@stspringer: I think it is very admirable that you are taking a "hands on" experimental approach to learning electricity and electronics. You are in the process of learning some valuable lessons about voltage dividers and practical values of the resistance associated with them. Take careful notes, and try to keep a journal or a notebook of what you measure, lest you forget what you did before and keep repeating the same thing while expecting different results. Burning up resistors is all part of the learning experience. We have all done it at one time or another. Just determine what went wrong, correct it, and move on.
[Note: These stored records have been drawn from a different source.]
(* symbol Lambda_p: top row (set of lambda_j) and bottom row (set of mu_j);
   rows are strictly increasing sequences, represented by their finite sets *)
definition sym_top :: "nat \<Rightarrow> nat list \<Rightarrow> nat set" where
  "sym_top r p = {beta r p i div 2 | i. 1 \<le> i \<and> i \<le> length (psharp r p) \<and> even (beta r p i)}"

definition sym_bot :: "nat \<Rightarrow> nat list \<Rightarrow> nat set" where
  "sym_bot r p = {(beta r p i - 1) div 2 | i. 1 \<le> i \<and> i \<le> length (psharp r p) \<and> odd (beta r p i)}"

definition Z1 :: "nat set \<Rightarrow> nat set \<Rightarrow> nat set" where
  "Z1 T B = (T - B) \<union> (B - T)"

definition ptilde :: "nat \<Rightarrow> nat list \<Rightarrow> nat \<Rightarrow> nat" where
  "ptilde r p i = beta r p i div 2"

definition HC_rows :: "nat \<Rightarrow> nat list \<Rightarrow> nat set" where
  "HC_rows r p = {i. 1 \<le> i \<and> i \<le> length (psharp r p) \<and>
      ((i, part (psharp r p) i) \<in> HC r p \<or> (i, part (psharp r p) i + 1) \<in> HC r p)}"

definition row_end_square :: "nat \<Rightarrow> nat list \<Rightarrow> nat \<Rightarrow> nat \<times> nat" where
  "row_end_square r p i = (if (i, part (psharp r p) i) \<in> HC r p
      then (i, part (psharp r p) i) else (i, part (psharp r p) i + 1))"

end

theory Submission
  imports Defs
begin

(* Colour the squares like a chessboard, s_ij having sign (-1)^(i+j). Removing a domino does not
   change the signed count, so for p of rank r it equals that of the staircase; in terms of the
   beta-numbers b_i = p_i + k' - i of p^sharp this says that exactly (k' + r + 1)/2 of them are even.
   Row i can end in a square of HC(p) only at the square of the right colour: its last filled square
   if b_i is odd, the empty square after it if b_i is even. That square is removable, resp. addable,
   iff b_i - 1, resp. b_i + 1, is not a beta-number, i.e. iff b_i div 2 occurs in only one row of
   Lambda_p. The condition i + j > r + 1 comes for free from the count of even beta-numbers: each
   of them either belongs to one of the first i - 1 rows or is an even number not exceeding b_i. *)

section \<open>The chessboard colouring\<close>

definition checker_sum :: "(nat \<times> nat) set \<Rightarrow> int" where
  "checker_sum S = (\<Sum>(i, j)\<in>S. (-1) ^ (i + j))"

lemma checker_sum_domino_step:
  assumes "domino_step S T"
  shows "checker_sum S = checker_sum T"
proof -
  obtain a b where ab: "a \<in> S" "b \<in> S" "adjacent a b" "T = S - {a, b}" "is_young T"
    using assms unfolding domino_step_def by blast
  have "finite T"
    using ab(5) unfolding is_young_def by blast
  have "a \<noteq> b" "even (fst a + snd a) \<longleftrightarrow> odd (fst b + snd b)"
    using ab(3) unfolding adjacent_def by auto
  then have opposite: "(-1::int) ^ (fst a + snd a) + (-1) ^ (fst b + snd b) = 0"
    by (auto simp: minus_one_power_iff)
  have "S = insert a (insert b T)" "a \<notin> insert b T" "b \<notin> T"
    using ab \<open>a \<noteq> b\<close> by auto
  then show ?thesis
    using \<open>finite T\<close> opposite unfolding checker_sum_def by (simp add: case_prod_beta)
qed

lemma checker_sum_rtranclp: "domino_step\<^sup>*\<^sup>* S T \<Longrightarrow> checker_sum S = checker_sum T"
  by (induction rule: rtranclp.induct) (auto dest: checker_sum_domino_step)

fun alt_row_sum :: "nat list \<Rightarrow> int" where
  "alt_row_sum [] = 0"
| "alt_row_sum (x # xs) = of_bool (odd x) - alt_row_sum xs"

lemma young_diagram_Nil: "young_diagram [] = {}"
  by (auto simp: young_diagram_def)

lemma young_diagram_Cons:
  "young_diagram (x # xs) = (\<lambda>j. (1, j)) ` {1..x} \<union> (\<lambda>(i, j). (Suc i, j)) ` young_diagram xs"
proof -
  have "(i, j) \<in> young_diagram (x # xs) \<longleftrightarrow>
      (i, j) \<in> (\<lambda>j. (1, j)) ` {1..x} \<union> (\<lambda>(i, j). (Suc i, j)) ` young_diagram xs" for i j
  proof (cases i)
    case (Suc m)
    then show ?thesis
      by (cases m) (auto simp: young_diagram_def part_def image_iff)
  qed (auto simp: young_diagram_def)
  then show ?thesis by auto
qed
text \<open>After the swap \<open>\<alpha>\<close> is missing at both \<open>u\<close> and \<open>v m\<close>, so the fan can be shifted.\<close>
lemma fan_kempe_swap_colourable:
  assumes "\<forall>f\<in>F. card f = 2" "proper_edge_colouring (F - {{u, v 0}}) k c" "fan F u c v m"
    and "\<alpha> < k" "\<beta> < k" "colour_missing (F - {{u, v 0}}) c u \<alpha>"
    and "colour_missing (F - {{u, v 0}}) c (v m) \<beta>"
    and "u \<notin> kempe_chain (F - {{u, v 0}}) c \<alpha> \<beta> (v m)"
    and "\<forall>i\<in>{1..m}. (c {u, v i} \<noteq> \<alpha> \<and> c {u, v i} \<noteq> \<beta>)
           \<or> v (i - 1) \<notin> kempe_chain (F - {{u, v 0}}) c \<alpha> \<beta> (v m)"
  shows "colourable F k"
proof -
  let ?G = "F - {{u, v 0}}"
  define c' where "c' = kempe_swap ?G c \<alpha> \<beta> (v m)"
  have two: "\<forall>f\<in>?G. card f = 2" using assms(1) by blast
  have fan_colours: "c' {u, v i} = c {u, v i}" if "i \<in> {1..m}" for i
  proof -
    have "{u, v i} \<in> ?G" using fan_edge_in_diff[OF assms(3)] that by simp
    then show ?thesis unfolding c'_def by (rule kempe_swap_outside[OF two assms(8)]) simp
  qed
  have "colour_missing ?G c' (v (i - 1)) (c' {u, v i})" if i: "i \<in> {1..m}" for i
  proof -
    have "colour_missing ?G c (v (i - 1)) (c {u, v i})" using assms(3) i unfolding fan_def by blast
    then show ?thesis
      using assms(9) i fan_colours[OF i] colour_missing_kempe_swap_other
        colour_missing_kempe_swap_outside[OF two] unfolding c'_def by metis
  qed
  then have "fan F u c' v m" using assms(3) unfolding fan_def by blast
  moreover have "proper_edge_colouring ?G k c'"
    unfolding c'_def using kempe_swap_proper[OF two assms(2,4,5)] .
  moreover have "colour_missing ?G c' u \<alpha>"
    unfolding c'_def using colour_missing_kempe_swap_outside[OF two assms(8)] assms(6) by blast
  moreover have "colour_missing ?G c' (v m) \<alpha>"
    unfolding c'_def using colour_missing_kempe_swap_start[OF assms(7)] .
  ultimately show ?thesis using fan_shift_colourable[of F u v k c' m \<alpha>] assms(4) by blast
qed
Voltage dividers as used today are very seldom used to provide significant levels of
power to a load, such as your 1.5 V incandescent lamp for example. The main reason is they are terribly inefficient for that purpose. Instead, most applications of voltage dividers use them as a low-level signal attenuator, the volume control in a radio for example, or to create a low-level, relatively high impedance, control signal for some
other circuit, such as a user-adjustable power supply output voltage for a programmable power supply.
As you can imagine, while the basic voltage divider equation hasn't changed, the actual values selected for R1 and R2 can be all over the map while still providing the same attenuation ratio. The only thing that changes is how the voltage divider appears electrically to circuit with which it is connected.
In days of old, when incandescent lighting was first used to illuminate theater stage lighting, physically very large variable resistances (called rheostats) were used in series with the lights to control their brightness. These variable resistances were typically capable of dissipating hundreds, or even thousands, of watts of power. The entire back-stage, behind-the-scenes area, was kept toasty warm in the winter from the heat given up by immense banks (often hundreds in a Broadway production) of these rheostats. Of course the heat during a summer production was pretty much unbearable.
That all changed, practically overnight, during the middle of the twentieth century with the advent of solid-state lighting controls. Some prior efforts had used mercury-vapor thyratrons to control lighting intensity, which had the advantage of allowing separation between the control electronics and the thyratron, but it was all pretty much a kludge.
Good hunting on your electronic adventure! Make sure to nail the basics before moving further into the jungle.